lemma minimal_complement_imp_admissible_reps:
  assumes M: "is_minimal_complement M W"
  shows "\<exists>MM. admissible_reps u W MM"
proof -
  define Cls where "Cls = {A \<in> range (qmap u). coinitial u (M \<inter> A)}"
  have "\<exists>m\<in>M. qmap u m = A \<and> sole_summand M W m (m + s)" if "A \<in> Cls" for A
    using that minimal_complement_class_rep[OF M] unfolding Cls_def by blast
  then obtain rep where rep: "\<And>A. A \<in> Cls \<Longrightarrow> rep A \<in> M"
    "\<And>A. A \<in> Cls \<Longrightarrow> sole_summand M W (rep A) (rep A + s)"
    and qmap_rep: "\<And>A. A \<in> Cls \<Longrightarrow> qmap u (rep A) = A"
    by metis
  define MM where "MM = rep ` Cls"
  have "finite Cls"
    unfolding Cls_def by (rule finite_subset[OF _ finite_range_qmap]) blast
  then have "finite MM"
    unfolding MM_def by simp
  moreover have "inj_on (qmap u) MM"
    unfolding MM_def by (rule inj_on_imageI2[of "rep"]) (simp add: inj_on_def qmap_rep)
  moreover have cover: "qmap u ` (MM + Wrep) = range (qmap u)"
  proof (rule covers_if_meets_coinitial_classes)
    show "is_complement M W"
      using M unfolding is_minimal_complement_def by blast
  next
    fix m assume "m \<in> M" "coinitial u (M \<inter> qmap u m)"
    then have "qmap u m \<in> Cls"
      unfolding Cls_def by blast
    from qmap_rep[OF this] have "rep (qmap u m) - m \<in> lat u"
      unfolding qmap_eq_iff .
    with \<open>qmap u m \<in> Cls\<close> show "\<exists>m'\<in>MM. m' - m \<in> lat u"
      unfolding MM_def by blast
  qed
  moreover have "MM \<noteq> {}"
    using cover unfolding set_plus_def by blast
  moreover have "\<forall>m'\<in>MM - {m}. \<forall>w'\<in>Wrep. (m + s) - (m' + w') \<notin> lat u" if "m \<in> MM" for m
  proof (intro ballI)
    fix m' w' assume "m' \<in> MM - {m}" "w' \<in> Wrep"
    then obtain A A' where "A \<in> Cls" "A' \<in> Cls" "m = rep A" "m' = rep A'" "A \<noteq> A'"
      using \<open>m \<in> MM\<close> unfolding MM_def by blast
    then have "sole_summand M W m (m + s)" "coinitial u (M \<inter> qmap u m')"
      "qmap u m \<noteq> qmap u m'"
      using rep qmap_rep by (auto simp: Cls_def)
    then show "(m + s) - (m' + w') \<notin> lat u"
      using \<open>w' \<in> Wrep\<close> by (rule sole_summand_separates)
  qed
  ultimately show ?thesis
    unfolding admissible_reps_def using Wscr1_eq by (intro exI[of _ MM]) simp
qed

....................

- _What the task requires_
From the very first line of the data through the line with "A \<and> sole_summand" in it, please reproduce each line exactly and output nothing more.

- _Reply_
lemma minimal_complement_imp_admissible_reps:
  assumes M: "is_minimal_complement M W"
  shows "\<exists>MM. admissible_reps u W MM"
proof -
  define Cls where "Cls = {A \<in> range (qmap u). coinitial u (M \<inter> A)}"
  have "\<exists>m\<in>M. qmap u m = A \<and> sole_summand M W m (m + s)" if "A \<in> Cls" for A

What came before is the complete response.